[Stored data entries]

╔══

lemma phi1_hom: "phi1 \<in> hom Q (wreath Q d)"
proof (rule homI)
  fix C assume "C \<in> carrier Q"
  then obtain a where "a \<in> carrier U" "C = proj a" using Q_cases by blast
  then show "phi1 C \<in> carrier (wreath Q d)" using phi1_proj phq_car by simp
next
  fix C D assume "C \<in> carrier Q" "D \<in> carrier Q"
  then obtain a b where ab: "a \<in> carrier U" "C = proj a" "b \<in> carrier U" "D = proj b"
    using Q_cases by metis
  then have "C \<otimes>\<^bsub>Q\<^esub> D = proj (a \<otimes>\<^bsub>U\<^esub> b)" using proj_mult by simp
  then show "phi1 (C \<otimes>\<^bsub>Q\<^esub> D) = phi1 C \<otimes>\<^bsub>wreath Q d\<^esub> phi1 D"
    using ab phi1_proj phq_hom by (simp add: hom_def)
qed

lemma Q_ssg: "ssg Q d phi1" by (intro ssg.intro Q_group phi1_hom)

lemma phi1_quot_wr: "a \<in> carrier U \<Longrightarrow> phi1 (proj a) = quot_wr G d \<Phi> n l h (phu a)"
  using phi1_proj by (simp add: quot_wr_def wr_map_def)

text \<open>hat(pi) o phi_1 = Phi o pi, inherited from the corresponding identity for phi_un.\<close>

lemma phi1_lifts_Phi: "C \<in> carrier Q \<Longrightarrow> wr_map d (pi_std G n) (phi1 C) = \<Phi> (pi_std G n C)"
proof -
  assume "C \<in> carrier Q"
  then obtain a where a: "a \<in> carrier U" "C = proj a" using Q_cases by blast
  have "fst (wr_map d (pi_std G n) (phq a)) = fst (wr_map d piu (phu a))"
    using ssg.fst_car[OF U_ssg a(1)] pi_std_proj
    by (auto simp: fun_eq_iff wr_map_fst wr_map_def split: prod.splits)
  then have "wr_map d (pi_std G n) (phq a) = wr_map d piu (phu a)"
    by (simp add: prod_eq_iff wr_map_snd)
  then show ?thesis using a phi1_proj pi_std_proj phu_lifts_Phi by simp
qed

lemma sect_proj: "a \<in> carrier U \<Longrightarrow> v \<in> words d \<Longrightarrow> proj (sect phu a v) = sect phi1 (proj a) v"
  using sect_semiconj[OF U_ssg, of "\<lambda>a. proj a" phi1] phi1_proj by simp

end

context universal_cover
begin

interpretation G: group G by (rule grp)
interpretation U: group U by (rule U_group)

text \<open>The generating set {s_i} contains 1, is closed under inverses, and contains s_a s_b
  whenever n_a n_b is in N; all three follow from the relators and closure properties of N.\<close>

lemma one_s: "\<exists>j<l. s j = \<one>\<^bsub>U\<^esub>"
  using N_index[OF one_in_N] rel1 by blast

lemma inv_s: "i < l \<Longrightarrow> \<exists>j<l. inv\<^bsub>U\<^esub> (s i) = s j"
proof -
  assume i: "i < l"
  obtain j where j: "j < l" "n j = inv\<^bsub>G\<^esub> (n i)" using N_index[OF N_inv[OF n_N[OF i]]] by blast
  have "n i \<otimes>\<^bsub>G\<^esub> n j = \<one>\<^bsub>G\<^esub>" using j n_car[OF i] by simp
  then have "s i \<otimes>\<^bsub>U\<^esub> s j = \<one>\<^bsub>U\<^esub>" using rel2 i j by blast
  then show ?thesis using U.inv_equality U.inv_comm s_car i j by metis
qed

lemma pair_s:
  assumes a: "a < l" and b: "b < l" and m: "m < l" and e: "n a \<otimes>\<^bsub>G\<^esub> n b = n m"
  shows "s a \<otimes>\<^bsub>U\<^esub> s b = s m"
proof -
  obtain c where c: "c < l" "n c = inv\<^bsub>G\<^esub> (n m)" using N_index[OF N_inv[OF n_N[OF m]]] by blast
  have "n a \<otimes>\<^bsub>G\<^esub> n b \<otimes>\<^bsub>G\<^esub> n c = \<one>\<^bsub>G\<^esub>" using e c n_car m by simp
  then have 1: "s a \<otimes>\<^bsub>U\<^esub> (s b \<otimes>\<^bsub>U\<^esub> s c) = \<one>\<^bsub>U\<^esub>" using rel3 a b c by blast
  have "n c \<otimes>\<^bsub>G\<^esub> n m = \<one>\<^bsub>G\<^esub>" using c n_car m by simp
  then have 2: "s c \<otimes>\<^bsub>U\<^esub> s m = \<one>\<^bsub>U\<^esub>" using rel2 c m by blast
  have "s a \<otimes>\<^bsub>U\<^esub> s b = (s a \<otimes>\<^bsub>U\<^esub> s b) \<otimes>\<^bsub>U\<^esub> (s c \<otimes>\<^bsub>U\<^esub> s m)"
    using 2 s_car a b by simp
  also have "\<dots> = (s a \<otimes>\<^bsub>U\<^esub> (s b \<otimes>\<^bsub>U\<^esub> s c)) \<otimes>\<^bsub>U\<^esub> s m"
    using s_car a b c m by (simp add: U.m_assoc)
  finally show ?thesis using 1 s_car m by simp
qed

text \<open>Products of generators s_(j1) ... s_(jk); by inv_s, every element of U is one.\<close>

definition prodl :: "nat list \<Rightarrow> gword set" where
  "prodl js = foldr (\<lambda>j acc. s j \<otimes>\<^bsub>U\<^esub> acc) js \<one>\<^bsub>U\<^esub>"

lemma prodl_simps [simp]: "prodl [] = \<one>\<^bsub>U\<^esub>" "prodl (j # js) = s j \<otimes>\<^bsub>U\<^esub> prodl js"
  by (simp_all add: prodl_def)

lemma prodl_car: "set js \<subseteq> {0..<l} \<Longrightarrow> prodl js \<in> carrier U"
  by (induction js) (auto simp: s_car)

lemma word_eval_prodl: "valid_word l w \<Longrightarrow> \<exists>js. set js \<subseteq> {0..<l} \<and> word_eval U s w = prodl js"
proof (induction w)
  case (Cons x w)
  obtain i b where x: "x = (i,b)" by (cases x)
  have i: "i < l" and vw: "valid_word l w" using Cons.prems x by auto
  obtain js where js: "set js \<subseteq> {0..<l}" "word_eval U s w = prodl js" using Cons.IH vw by blast
  obtain j where j: "j < l" "(if b then s i else inv\<^bsub>U\<^esub> (s i)) = s j"
    using inv_s[OF i] i by (cases b) auto
  show ?case using js j x by (intro exI[of _ "j # js"]) simp
qed (auto intro: exI[of _ "[]"])

lemma U_prodl: "a \<in> carrier U \<Longrightarrow> \<exists>js. set js \<subseteq> {0..<l} \<and> a = prodl js"
  using U_word word_eval_prodl by metis

lemma sect_prodl:
  "set js \<subseteq> {0..<l} \<Longrightarrow> v \<in> words d \<Longrightarrow>
    \<exists>js'. length js' = length js \<and> set js' \<subseteq> {0..<l} \<and> sect phu (prodl js) v = prodl js'"
proof (induction js arbitrary: v)
  case Nil then show ?case using ssg.sect_one[OF U_ssg] by (intro exI[of _ "[]"]) simp
next
  case (Cons j js)
  have j: "j < l" and js: "set js \<subseteq> {0..<l}" using Cons.prems by auto
  have av: "act phu (s j) v \<in> words d" using ssg.act_words[OF U_ssg s_car[OF j] Cons.prems(2)] .
  obtain m where m: "m < l" "sect phu (s j) v = s m" using sect_s[OF j Cons.prems(2)] by blast
  obtain js' where js': "length js' = length js" "set js' \<subseteq> {0..<l}"
      "sect phu (prodl js) (act phu (s j) v) = prodl js'"
    using Cons.IH[OF js av] by blast
  show ?case
    using ssg.sect_mult[OF U_ssg s_car[OF j] prodl_car[OF js] Cons.prems(2)] m js'
    by (intro exI[of _ "m # js'"]) simp
qed

abbreviation "S \<equiv> s ` {0..<l}"

text \<open>The key consequence of contraction in G: the long sections of s_a s_b are sections
  s_a' s_b' lying over sections of n_a n_b, hence eventually over N, where pair_s turns
  them into single generators.\<close>

lemma pair_sections_eventually_in:
  assumes a: "a < l" and b: "b < l"
  shows "sections_eventually_in d phu S (s a \<otimes>\<^bsub>U\<^esub> s b)"
proof -
  have nab: "n a \<otimes>\<^bsub>G\<^esub> n b \<in> carrier G" using n_car a b by simp
  obtain k where k: "\<forall>v\<in>words d. k \<le> length v \<longrightarrow> sect \<Phi> (n a \<otimes>\<^bsub>G\<^esub> n b) v \<in> N"
    using N_contr[OF nab] by (auto simp: sections_eventually_in_def)
  have "sect phu (s a \<otimes>\<^bsub>U\<^esub> s b) v \<in> S" if v: "v \<in> words d" "k \<le> length v" for v
  proof -
    have "set [a,b] \<subseteq> {0..<l}" using a b by auto
    then obtain js' where js': "length js' = length [a,b]" "set js' \<subseteq> {0..<l}"
        "sect phu (prodl [a,b]) v = prodl js'"
      using sect_prodl v(1) by blast
    then obtain a' b' where a'b': "js' = [a',b']" "a' < l" "b' < l"
      by (cases js'; cases "tl js'") auto
    have sab: "sect phu (s a \<otimes>\<^bsub>U\<^esub> s b) v = s a' \<otimes>\<^bsub>U\<^esub> s b'"
      using js' a'b' a b s_car by simp
    have "n a' \<otimes>\<^bsub>G\<^esub> n b' = piu (sect phu (s a \<otimes>\<^bsub>U\<^esub> s b) v)"
      using sab a'b' s_car piu_s by (simp add: group_hom.hom_mult[OF piu_group_hom])
    also have "\<dots> = sect \<Phi> (n a \<otimes>\<^bsub>G\<^esub> n b) v"
      using sect_piu[of "s a \<otimes>\<^bsub>U\<^esub> s b" v] s_car piu_s a b v
      by (simp add: group_hom.hom_mult[OF piu_group_hom])
    finally have "n a' \<otimes>\<^bsub>G\<^esub> n b' \<in> N" using k v by simp
    then obtain m where m: "m < l" "n m = n a' \<otimes>\<^bsub>G\<^esub> n b'" using N_index by blast
    then show ?thesis using sab pair_s a'b' by auto
  qed
  then show ?thesis unfolding sections_eventually_in_def by blast
qed

text \<open>Along all words of one fixed length K0, the section of a product of at least two
  generators is a product of one generator fewer: the leading pair s_a s_b contributes a
  single generator, by a common threshold for the finitely many pairs.\<close>

lemma prodl_sect_shorter:
  assumes a: "a < l" and b: "b < l" and r: "set rest \<subseteq> {0..<l}"
  shows "\<exists>K0. \<forall>v\<in>words d. length v = K0 \<longrightarrow>
    (\<exists>js'. length js' = Suc (length rest) \<and> set js' \<subseteq> {0..<l} \<and>
       sect phu (prodl (a # b # rest)) v = prodl js')"
proof -
  have sab: "s a \<otimes>\<^bsub>U\<^esub> s b \<in> carrier U" using s_car a b by simp
  obtain K0 where K0: "\<forall>p\<in>{0..<l} \<times> {0..<l}. \<forall>v\<in>words d.
      K0 \<le> length v \<longrightarrow> sect phu (s (fst p) \<otimes>\<^bsub>U\<^esub> s (snd p)) v \<in> S"
    using sections_eventually_in_uniform[of "{0..<l} \<times> {0..<l}" d phu S
        "\<lambda>p. s (fst p) \<otimes>\<^bsub>U\<^esub> s (snd p)"] pair_sections_eventually_in by auto
  have "\<exists>js'. length js' = Suc (length rest) \<and> set js' \<subseteq> {0..<l} \<and>
      sect phu (prodl (a # b # rest)) v = prodl js'" if v: "v \<in> words d" "length v = K0" for v
  proof -
    obtain m where m: "m < l" "sect phu (s a \<otimes>\<^bsub>U\<^esub> s b) v = s m" using K0 a b v by fastforce
    obtain js' where js': "length js' = length rest" "set js' \<subseteq> {0..<l}"
        "sect phu (prodl rest) (act phu (s a \<otimes>\<^bsub>U\<^esub> s b) v) = prodl js'"
      using sect_prodl[OF r ssg.act_words[OF U_ssg sab v(1)]] by blast
    have "prodl (a # b # rest) = (s a \<otimes>\<^bsub>U\<^esub> s b) \<otimes>\<^bsub>U\<^esub> prodl rest"
      using a b r s_car prodl_car by (simp add: U.m_assoc)
    then have "sect phu (prodl (a # b # rest)) v = prodl (m # js')"
      using ssg.sect_mult[OF U_ssg sab prodl_car[OF r] v(1)] m js' by simp
    then show ?thesis using js' m by (intro exI[of _ "m # js'"]) auto
  qed
  then show ?thesis by blast
qed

╚══

**Task item:**
Exact reproduction is required: output the lines from the start of the entries above through the line with "proj_mult by simp".

**Response box:**
lemma phi1_hom: "phi1 \<in> hom Q (wreath Q d)"
proof (rule homI)
  fix C assume "C \<in> carrier Q"
  then obtain a where "a \<in> carrier U" "C = proj a" using Q_cases by blast
  then show "phi1 C \<in> carrier (wreath Q d)" using phi1_proj phq_car by simp
next
  fix C D assume "C \<in> carrier Q" "D \<in> carrier Q"
  then obtain a b where ab: "a \<in> carrier U" "C = proj a" "b \<in> carrier U" "D = proj b"
    using Q_cases by metis
  then have "C \<otimes>\<^bsub>Q\<^esub> D = proj (a \<otimes>\<^bsub>U\<^esub> b)" using proj_mult by simp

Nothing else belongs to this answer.